theorem lemma5p3:
  fixes k n :: int and A :: "(rat \<times> int) set"
  assumes "k \<ge> 2"
    and "finite A"
    and "A \<subseteq> bs_carrier k"
    and "\<forall>a \<in> A. snd a = n"
  shows "\<exists>N1 N2 :: nat. \<exists>L :: int. L > 0 \<and>
           (let g = bs_mult k (bs_mult k (bs_t (int N1)) (of_int L, 0)) (bs_t (int N2))
            in bs_c k (bs_mult k g ` A) = card A)"
proof -
  define K where "K = (of_int k :: rat)"
  have "finite (fst ` A)" "fst ` A \<subseteq> Zk k" using assms(2,3) by (auto simp: bs_carrier_def)
  then obtain N2 where "\<forall>x\<in>fst ` A. \<exists>b::int. K ^ N2 * x = of_int b"
    using Zk_common_denominator[of "fst ` A" k] assms(1) unfolding K_def by auto
  then obtain b where b: "\<forall>a\<in>A. K ^ N2 * fst a = of_int (b a)"
    using bchoice[of A "\<lambda>a b. K ^ N2 * fst a = of_int b"] by auto
  obtain L lo hi where L: "L > 0" and window: "1 \<le> lo" "hi < 2 * lo"
    and c: "\<And>a. a \<in> A \<Longrightarrow> lo \<le> L + b a" "\<And>a. a \<in> A \<Longrightarrow> L + b a \<le> hi"
    using exists_shift_into_window[OF assms(2), of b] by blast
  have inj: "inj_on (\<lambda>a. L + b a) A"
  proof (rule inj_onI)
    fix p q assume "p \<in> A" "q \<in> A" "L + b p = L + b q"
    then have "K ^ N2 * fst p = K ^ N2 * fst q" using b by simp
    then show "p = q" using assms(1,4) \<open>p \<in> A\<close> \<open>q \<in> A\<close> by (simp add: K_def prod_eq_iff)
  qed
  have window_k: "hi < k * lo" using window assms(1) mult_right_mono[of 2 k lo] by linarith
  obtain M0 where M0: "\<And>M. M \<ge> M0 \<Longrightarrow> k ^ (M div 2) * hi \<le> k ^ M - 1"
    using eventually_power_half_mult_le[OF assms(1)] by blast
  define N1 where "N1 = M0 + nat \<bar>n\<bar>"
  define M where "M = nat (int N1 + int N2 + n)"
  define g where "g = bs_mult k (bs_mult k (bs_t (int N1)) (of_int L, 0)) (bs_t (int N2))"
  have "bs_mult k g a = (of_int (k ^ N1 * (L + b a)), int M)" if "a \<in> A" for a
  proof -
    have "a = (fst a, n)" using assms(4) that by (simp add: prod_eq_iff)
    then show ?thesis using bs_mult_translate[of k N1 L N2 "fst a" n] b that
      by (simp add: g_def M_def N1_def K_def)
  qed
  moreover have "M \<ge> M0" by (simp add: M_def N1_def)
  ultimately have "bs_c k (bs_mult k g ` A) = card A"
    using bs_c_image_in_window[OF assms(1) window(1) window_k c inj M0] by blast
  with L show ?thesis unfolding g_def Let_def by blast
qed

end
::::
Whenever a line in the entries above includes the word "unfolding", pull that line out.

    using Zk_common_denominator[of "fst ` A" k] assms(1) unfolding K_def by auto
  with L show ?thesis unfolding g_def Let_def by blast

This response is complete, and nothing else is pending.